Using Cursor Pagination for JSON Data (e.g., S3 File Content)

Hi everyone,

I’m working on a use case where I need to paginate large files stored in S3 eg, (csv, txt, parquet, tsv) formats. These files are parsed into JSON and served through a DRF API.

The S3 file content is parsed into JSON in sorted order by a "UID" field, so every row will contain a "UID" like this:

// example.csv response
"data": [
   { 
      "UID": 1, "image_path": "...", "label": "Disgust"
   },
   { 
      "UID": 2, "image_path": "...", "label": "Disgust"
   }   ...
 ]

For performance and memory efficiency, (CursorPagination) is ideal and works well with querysets via DRF. However, DRF’s built-in CursorPagination requires order_by and doesn’t support plain in-memory JSON data (I tried and faced errors). In contrast, PageNumberPagination works for both querysets and lists.
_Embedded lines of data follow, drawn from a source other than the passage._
lemma nc_act_eq:
  assumes "\<sigma> permutes {..<n}"
  shows "nc_act f \<sigma> = (\<lambda>v. f (permute_list \<sigma> v))"
  by (simp add: nc_act_def permw_def permute_list_def permutes_inv_inv[OF assms])

lemma permute_list_inv_eq_iff:
  assumes "\<sigma> permutes {..<length w}"
  shows "permute_list \<sigma> v = w \<longleftrightarrow> v = permute_list (inv \<sigma>) w"
proof
  assume w: "permute_list \<sigma> v = w"
  then have "length v = length w" by (metis length_permute_list)
  then have "inv \<sigma> permutes {..<length v}" using permutes_inv[OF assms] by simp
  then have "permute_list (inv \<sigma>) w = permute_list (\<sigma> \<circ> inv \<sigma>) v"
    using w permute_list_compose[of "inv \<sigma>" v \<sigma>] by simp
  then show "v = permute_list (inv \<sigma>) w"
    using permutes_inv_o(1)[of \<sigma>] assms by simp
next
  assume "v = permute_list (inv \<sigma>) w"
  then show "permute_list \<sigma> v = w"
    using permute_list_compose[OF assms, of "inv \<sigma>"] permutes_inv_o(2)[OF assms] by simp
qed

lemma nc_act_nc_mono:
  assumes "\<sigma> permutes {..<length w}"
  shows "nc_act (nc_mono w) \<sigma> = nc_mono (permute_list (inv \<sigma>) w)"
  by (simp add: nc_act_eq[OF assms] nc_mono_def permute_list_inv_eq_iff[OF assms] fun_eq_iff)

lemma length_nc_support_homog:
  assumes "homog n f = f" and "w \<in> nc_support f"
  shows "length w = n"
proof -
  have "homog n f w \<noteq> 0" using assms by (simp add: nc_support_def)
  then show ?thesis by (simp add: homog_def split: if_splits)
qed

lemma nc_support_nc_act:
  assumes "\<sigma> permutes {..<n}" and "homog n f = f"
  shows "nc_support (nc_act f \<sigma>) \<subseteq> permute_list (inv \<sigma>) ` nc_support f"
proof
  fix v assume "v \<in> nc_support (nc_act f \<sigma>)"
  then have supp: "permute_list \<sigma> v \<in> nc_support f"
    by (simp add: nc_support_def nc_act_eq[OF assms(1)])
  then have "length v = n"
    using length_nc_support_homog[OF assms(2) supp] by simp
  then have "v = permute_list (inv \<sigma>) (permute_list \<sigma> v)"
    using permute_list_inv_eq_iff[of \<sigma> "permute_list \<sigma> v" v] assms(1) by simp
  with supp show "v \<in> permute_list (inv \<sigma>) ` nc_support f"
    by blast
qed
My Django project includes 10 APIs, where 9 use database-backed querysets,(CursorPagination is best for this case), but 1 paginates parsed JSON from S3. I want a single consistent pagination approach across all APIs.

To achieve this, I’ve implemented a custom Cursor pagination class that supports both DRF CursorPagination for querysets and a cursor-like approach for JSON data.
Here’s the code:

class DRFCursorPagination(CursorPagination):
    """
    Supports both (JSON custom Cursor pagination) and (DRF default Cursor pagination).
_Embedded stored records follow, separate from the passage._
lemma norm_add_squared_cinner:
  "(norm (x + y))^2 = (norm x)^2 + 2 * Re (cinner x y) + (norm (y::complex^'n))^2"
proof -
  have "complex_of_real ((norm (x + y))^2) = cinner x x + (cinner x y + cnj (cinner x y)) + cinner y y"
    by (simp only: cinner_self[symmetric] cinner_add_left cinner_add_right cnj_cinner add_ac)
  also have "\<dots> = complex_of_real ((norm x)^2 + 2 * Re (cinner x y) + (norm y)^2)"
    by (simp add: cinner_self complex_add_cnj)
  finally show ?thesis
    using of_real_eq_iff by blast
qed

lemma continuous_on_cinner [continuous_intros]:
  "continuous_on S f \<Longrightarrow> continuous_on S g \<Longrightarrow> continuous_on S (\<lambda>t. cinner (f t) (g t))"
  unfolding cinner_def by (intro continuous_intros)

lemma norm_axis_complex: "norm (axis i (1::complex)) = 1"
proof -
  have "axis i (1::complex) \<in> Basis"
    by (auto simp: Basis_vec_def)
  then show ?thesis
    by (rule norm_Basis)
qed

lemma continuous_on_matrix_vector_mult [continuous_intros]:
  fixes f :: "'a::topological_space \<Rightarrow> 'b::real_normed_algebra_1^'n^'m"
  shows "continuous_on S f \<Longrightarrow> continuous_on S g \<Longrightarrow> continuous_on S (\<lambda>t. f t *v g t)"
  unfolding matrix_vector_mult_def by (intro continuous_intros)

lemma continuous_on_matrix_matrix_mult [continuous_intros]:
  fixes f :: "'a::topological_space \<Rightarrow> 'b::real_normed_algebra_1^'n^'m"
  shows "continuous_on S f \<Longrightarrow> continuous_on S g \<Longrightarrow> continuous_on S (\<lambda>t. f t ** g t)"
  unfolding matrix_matrix_mult_def by (intro continuous_intros)

lemma cmat_scale_mult_vec: "cmat_scale c M *v v = c *s (M *v v)"
  by (simp add: vec_eq_iff matrix_vector_mult_def cmat_scale_def sum_distrib_left mult_ac)

lemma continuous_on_cmat_scale [continuous_intros]:
  "continuous_on S f \<Longrightarrow> continuous_on S (\<lambda>t. cmat_scale c (f t))"
  unfolding cmat_scale_def by (intro continuous_intros)

lemma norm_mult_le_mat_opnorm: "norm (M *v v) \<le> mat_opnorm M * norm v"
  unfolding mat_opnorm_def by (rule onorm) simp

lemma mat_opnorm_le: "(\<And>v. norm (M *v v) \<le> c * norm v) \<Longrightarrow> mat_opnorm M \<le> c"
  unfolding mat_opnorm_def by (rule onorm_le)

lemma mat_opnorm_nonneg: "mat_opnorm M \<ge> 0"
  unfolding mat_opnorm_def by (rule onorm_pos_le) simp

lemma mat_opnorm_add_scalar_le: "mat_opnorm (M + cmat_scale c (mat 1)) \<le> mat_opnorm M + cmod c"
proof (rule mat_opnorm_le)
  fix v
  have "norm ((M + cmat_scale c (mat 1)) *v v) \<le> norm (M *v v) + norm (c *s v)"
    by (simp add: matrix_vector_mult_add_rdistrib cmat_scale_mult_vec norm_triangle_ineq)
  also have "\<dots> \<le> (mat_opnorm M + cmod c) * norm v"
    using norm_mult_le_mat_opnorm[of M v] by (simp add: norm_vector_smult algebra_simps)
  finally show "norm ((M + cmat_scale c (mat 1)) *v v) \<le> (mat_opnorm M + cmod c) * norm v" .
qed

lemma norm_le_mat_opnorm: "norm M \<le> CARD('n) * (CARD('n) * mat_opnorm (M::complex^'n^'n))"
proof -
  have norm_le_sum: "norm x \<le> (\<Sum>i\<in>UNIV. norm (x $ i))" for x :: "'a::real_normed_vector^'n"
    unfolding norm_vec_def by (rule L2_set_le_sum) simp
  have entry: "cmod (M $ i $ j) \<le> mat_opnorm M" for i j
  proof -
    have "M $ i $ j = (M *v axis j 1) $ i"
      by (simp add: matrix_vector_mult_def axis_def if_distrib[of "\<lambda>x. _ * x"] cong: if_cong)
    then have "cmod (M $ i $ j) \<le> norm (M *v axis j 1)"
      by (metis Finite_Cartesian_Product.norm_nth_le)
    also have "\<dots> \<le> mat_opnorm M"
      using norm_mult_le_mat_opnorm[of M "axis j 1"] by (simp add: norm_axis_complex)
    finally show ?thesis .
  qed
  have "norm M \<le> (\<Sum>i\<in>UNIV. \<Sum>j\<in>UNIV. cmod (M $ i $ j))"
    by (rule order_trans[OF norm_le_sum]) (intro sum_mono norm_le_sum)
  also have "\<dots> \<le> (\<Sum>i\<in>(UNIV::'n set). \<Sum>j\<in>(UNIV::'n set). mat_opnorm M)"
    by (intro sum_mono entry)
  finally show ?thesis
    by simp
qed

lemma compact_matrices_maximizing_vector:
  fixes K :: "(complex^'n^'n) set"
  assumes "compact K" "K \<noteq> {}"
  obtains X u where "X \<in> K" "norm u = 1"
    "\<And>Y z. Y \<in> K \<Longrightarrow> norm (Y *v z) \<le> norm (X *v u) * norm z"
proof -
  let ?T = "K \<times> sphere (0::complex^'n) 1"
  have "compact ?T"
    using assms by (intro compact_Times compact_sphere)
  moreover have "?T \<noteq> {}"
    using assms norm_axis_complex by fastforce
  moreover have "continuous_on ?T (\<lambda>p. norm (fst p *v snd p))"
    by (intro continuous_intros)
  ultimately obtain p where p: "p \<in> ?T"
    and max: "\<And>q. q \<in> ?T \<Longrightarrow> norm (fst q *v snd q) \<le> norm (fst p *v snd p)"
    using continuous_attains_sup[of ?T "\<lambda>p. norm (fst p *v snd p)"] by blast
  obtain X u where p_eq: "p = (X, u)"
    by (cases p)
  have bound: "norm (Y *v z) \<le> norm (X *v u) * norm z" if "Y \<in> K" for Y z
  proof (cases "z = 0")
    case False
    define c where "c = complex_of_real (1 / norm z)"
    have "(Y, c *s z) \<in> ?T"
      using that False by (simp add: c_def norm_vector_smult norm_divide)
    from max[OF this] have "norm (c *s (Y *v z)) \<le> norm (X *v u)"
      by (simp add: p_eq vector_scalar_commute)
    then have "norm (Y *v z) / norm z \<le> norm (X *v u)"
      by (simp add: c_def norm_vector_smult norm_divide)
    then show ?thesis
      using False by (simp add: divide_le_eq)
  qed simp
  show thesis
    using p by (intro that[of X u] bound) (simp_all add: p_eq)
qed

lemma eq_0_if_Re_cnj_mult_le_quadratic:
  assumes "r > 0" and le: "\<And>w. cmod w \<le> r \<Longrightarrow> Re (cnj w * \<alpha>) \<le> C * (cmod w)^2"
  shows "\<alpha> = 0"
proof (rule ccontr)
  assume "\<alpha> \<noteq> 0"
  define t where "t = r / (cmod \<alpha> + 2 * \<bar>C\<bar> * r)"
  have t_pos: "t > 0"
    using \<open>r > 0\<close> \<open>\<alpha> \<noteq> 0\<close> by (simp add: t_def add_pos_nonneg)
  have denom_pos: "cmod \<alpha> + 2 * \<bar>C\<bar> * r > 0"
    using \<open>r > 0\<close> \<open>\<alpha> \<noteq> 0\<close> by (simp add: add_pos_nonneg)
  have norm_t\<alpha>: "cmod (of_real t * \<alpha>) = t * cmod \<alpha>"
    using t_pos by (simp add: norm_mult)
  also have "\<dots> \<le> r"
    using \<open>r > 0\<close> denom_pos by (simp add: t_def divide_le_eq)
  finally have "Re (cnj (of_real t * \<alpha>) * \<alpha>) \<le> C * (cmod (of_real t * \<alpha>))^2"
    by (rule le)
  moreover have "Re (cnj (of_real t * \<alpha>) * \<alpha>) = t * (cmod \<alpha>)^2"
    by (simp only: cmod_power2) (simp add: power2_eq_square algebra_simps)
  ultimately have "t * (cmod \<alpha>)^2 * 1 \<le> t * (cmod \<alpha>)^2 * (C * t)"
    unfolding norm_t\<alpha> by (simp add: power2_eq_square mult_ac)
  then have "1 \<le> C * t"
    using t_pos \<open>\<alpha> \<noteq> 0\<close> by (simp add: mult_le_cancel_left_pos)
  moreover have "\<bar>C\<bar> * t \<le> 1/2"
    using denom_pos by (simp add: t_def divide_le_eq)
  ultimately show False
    using mult_right_mono[OF abs_ge_self[of C], of t] t_pos by linarith
qed

lemma cinner_first_variation:
  fixes a b c :: "complex^'n"
  assumes "r > 0"
    and le: "\<And>w. cmod w \<le> r \<Longrightarrow>
      (norm (a + (w *s b + cnj w *s c)))^2 \<le> (norm a)^2 + 2 * Re (cnj w * \<gamma>) + C * (cmod w)^2"
  shows "cinner a b + cinner c a = \<gamma>"
proof -
  have "Re (cnj w * (cinner a b + cinner c a - \<gamma>)) \<le> C / 2 * (cmod w)^2" if "cmod w \<le> r" for w
  proof -
    define d where "d = w *s b + cnj w *s c"
    have "Re (cinner a d) = Re (cnj w * (cinner a b + cinner c a))"
      by (simp add: d_def cinner_add_right cinner_scale_right distrib_left cnj_cinner[of a c, symmetric])
    then have "Re (cnj w * (cinner a b + cinner c a - \<gamma>)) = Re (cinner a d) - Re (cnj w * \<gamma>)"
      by (simp only: right_diff_distrib minus_complex.sel)
    moreover have "(norm (a + d))^2 = (norm a)^2 + 2 * Re (cinner a d) + (norm d)^2"
      by (rule norm_add_squared_cinner)
    ultimately show ?thesis
      using le[OF that, folded d_def] zero_le_power2[of "norm d"] by linarith
  qed
  then have "cinner a b + cinner c a - \<gamma> = 0"
    by (rule eq_0_if_Re_cnj_mult_le_quadratic[OF \<open>r > 0\<close>])
  then show ?thesis
    by simp
qed

lemma cinner_maximizing_vector:
  fixes X :: "complex^'n^'n"
  assumes le: "\<And>z. norm (X *v z) \<le> m * norm z" and eq: "norm (X *v u) = m * norm u"
  shows "cinner (X *v u) (X *v v) = m^2 * cinner u v"
proof -
  have "(norm (X *v u + (w *s (X *v v) + cnj w *s 0)))^2
      \<le> (norm (X *v u))^2 + 2 * Re (cnj w * (m^2 * cinner u v)) + m^2 * (norm v)^2 * (cmod w)^2" for w
  proof -
    have "X *v u + (w *s (X *v v) + cnj w *s 0) = X *v (u + w *s v)"
      by (simp add: matrix_vector_right_distrib vector_scalar_commute)
    moreover have "(norm (X *v (u + w *s v)))^2 \<le> m^2 * (norm (u + w *s v))^2"
      using le[of "u + w *s v"] by (metis norm_ge_zero power_mono power_mult_distrib)
    moreover have "(norm (u + w *s v))^2 = (norm u)^2 + 2 * Re (cnj w * cinner u v) + (cmod w)^2 * (norm v)^2"
      by (simp add: norm_add_squared_cinner cinner_scale_right norm_vector_smult power_mult_distrib)
    moreover have "Re (cnj w * (m^2 * cinner u v)) = m^2 * Re (cnj w * cinner u v)"
      by (simp add: mult.left_commute[of "cnj w"])
    ultimately show ?thesis
      using eq by (simp add: power_mult_distrib algebra_simps)
  qed
  then have "cinner (X *v u) (X *v v) + cinner 0 (X *v u) = m^2 * cinner u v"
    by (intro cinner_first_variation[of 1]) auto
  then show ?thesis
    by simp
qed

lemma maximizing_vector_orthogonal:
  fixes X :: "complex^'n^'n"
  assumes le: "\<And>z. norm (X *v z) \<le> m * norm z"
    and "norm u = 1" "norm (X *v u) = m" "m \<noteq> 1"
    and perturbed: "\<And>w. cmod w \<le> 1/2 \<Longrightarrow>
      norm (X *v u - w *s u + cnj w *s (X *v (X *v u))) \<le> m * (1 + 2 * (cmod w)^2)"
  shows "cinner (X *v u) u = 0"
proof -
  define y where "y = X *v u"
  have "norm y = m"
    using assms by (simp add: y_def)
  have perturbed_sq: "(norm (y + (w *s (- u) + cnj w *s (X *v y))))^2
      \<le> (norm y)^2 + 2 * Re (cnj w * 0) + 5 * m^2 * (cmod w)^2" if w: "cmod w \<le> 1/2" for w
  proof -
    have "y + (w *s (- u) + cnj w *s (X *v y)) = X *v u - w *s u + cnj w *s (X *v (X *v u))"
      by (simp add: y_def vector_smult_rneg)
    then have "(norm (y + (w *s (- u) + cnj w *s (X *v y))))^2 \<le> (m * (1 + 2 * (cmod w)^2))^2"
      using perturbed[OF w] by (metis norm_ge_zero power_mono)
    moreover have "4 * (cmod w)^2 \<le> 1"
      using power_mono[OF w, of 2] by (simp add: power2_eq_square)
    then have "m^2 * (cmod w)^2 * (4 * (cmod w)^2) \<le> m^2 * (cmod w)^2 * 1"
      by (rule mult_left_mono) simp
    then have "(m * (1 + 2 * (cmod w)^2))^2 \<le> m^2 + 5 * m^2 * (cmod w)^2"
      by (simp add: power2_eq_square algebra_simps)
    ultimately show ?thesis
      using \<open>norm y = m\<close> by simp
  qed
  have "cinner y (- u) + cinner (X *v y) y = 0"
    by (rule cinner_first_variation[of "1/2", OF _ perturbed_sq]) simp_all
  then have "cinner y u = cnj (cinner y (X *v y))"
    by (simp add: cinner_minus_right cnj_cinner)
  also have "\<dots> = m^2 * cinner y u"
    unfolding y_def using cinner_maximizing_vector[OF le] assms by (simp add: cnj_cinner)
  finally have eq: "cinner y u = m^2 * cinner y u" .
  then have "(1 - complex_of_real (m^2)) * cinner y u = 0"
    by (simp only: left_diff_distrib mult_1 eq[symmetric] diff_self)
  moreover have "m^2 \<noteq> 1"
    using \<open>m \<noteq> 1\<close> norm_ge_zero[of y] \<open>norm y = m\<close> by (simp add: power2_eq_1_iff)
  ultimately show ?thesis
    unfolding y_def by (metis mult_eq_0_iff of_real_1 of_real_diff of_real_eq_0_iff of_real_power right_minus_eq)
qed

(* z - w + conj w z^2 is the first-order part in w of the disc automorphism (z - w) / (1 - conj w z). *)
lemma norm_disc_perturbation_le:
  fixes z w :: complex
  assumes z: "cmod z \<le> 1" and w: "cmod w \<le> 1/2"
  shows "cmod (z - w + cnj w * z^2) \<le> 1 + 2 * (cmod w)^2"
proof -
  define h where "h = cnj w * z^2 - w"
  have "Re (cnj z * h) = ((cmod z)^2 - 1) * Re (cnj w * z)"
    by (simp only: cmod_power2) (simp add: h_def power2_eq_square algebra_simps)
  also have "\<dots> = (1 - (cmod z)^2) * (- Re (cnj w * z))"
    by (simp add: algebra_simps)
  also have "\<dots> \<le> (1 - (cmod z)^2) * cmod w"
  proof (rule mult_left_mono)
    have "\<bar>Re (cnj w * z)\<bar> \<le> cmod w * cmod z"
      using abs_Re_le_cmod[of "cnj w * z"] by (simp add: norm_mult)
    also have "\<dots> \<le> cmod w"
      using z by (simp add: mult_left_le)
    finally show "- Re (cnj w * z) \<le> cmod w"
      by linarith
    show "0 \<le> 1 - (cmod z)^2"
      using z by (simp add: power_le_one)
  qed
  finally have re: "Re (cnj z * h) \<le> (1 - (cmod z)^2) * cmod w" .
  have "cmod h \<le> cmod w * (cmod z)^2 + cmod w"
    unfolding h_def using norm_triangle_ineq4[of "cnj w * z^2" w] by (simp add: norm_mult norm_power)
  also have "\<dots> \<le> 2 * cmod w"
    using z by (simp add: mult_left_le power_le_one)
  finally have "(cmod h)^2 \<le> 4 * (cmod w)^2"
    using power_mono[of "cmod h" "2 * cmod w" 2] by (simp add: power_mult_distrib)
  moreover have "(cmod (z + h))^2 = (cmod z)^2 + 2 * Re (cnj z * h) + (cmod h)^2"
    by (simp only: cmod_power2) (simp add: power2_eq_square algebra_simps)
  moreover have "(1 - (cmod z)^2) * (2 * cmod w) \<le> (1 - (cmod z)^2) * 1"
    using w z by (intro mult_left_mono) (simp_all add: power_le_one)
  then have "2 * ((1 - (cmod z)^2) * cmod w) \<le> 1 - (cmod z)^2"
    by (simp add: mult_ac)
  ultimately have "(cmod (z + h))^2 \<le> 1 + 4 * (cmod w)^2"
    using re by linarith
  also have "\<dots> \<le> 1 + 4 * (cmod w)^2 + 4 * ((cmod w)^2)^2"
    by simp
  also have "\<dots> = (1 + 2 * (cmod w)^2)^2"
    by (simp add: power2_eq_square algebra_simps)
  finally have "(cmod (z + h))^2 \<le> (1 + 2 * (cmod w)^2)^2" .
  then have "cmod (z + h) \<le> 1 + 2 * (cmod w)^2"
    by (rule power2_le_imp_le) simp
  then show ?thesis
    by (simp add: h_def algebra_simps)
qed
    Encodes/decodes cursors based on UID's for navigation.
    Provides paginated responses with next/previous cursor links.
    """

    page_size = 10
    # Ordering the records
    ordering = 'id'

    # DRF Cursor Pagination response
    def get_paginated_response(self, data: list) -> Response:
        return custom_response(
            success=True,
            message=DATA_SUCCESS if data else DATA_NONE,
            data=data,
            status=200,
            pagination={
                "next": self.get_next_link(),
                "previous": self.get_previous_link(),
            },
        )

    # Json Cursor Pagination
    def json_encode_cursor(self, uid):
        # Encodes a UID into a base64 cursor string.
        return base64.urlsafe_b64encode(str(uid).encode()).decode()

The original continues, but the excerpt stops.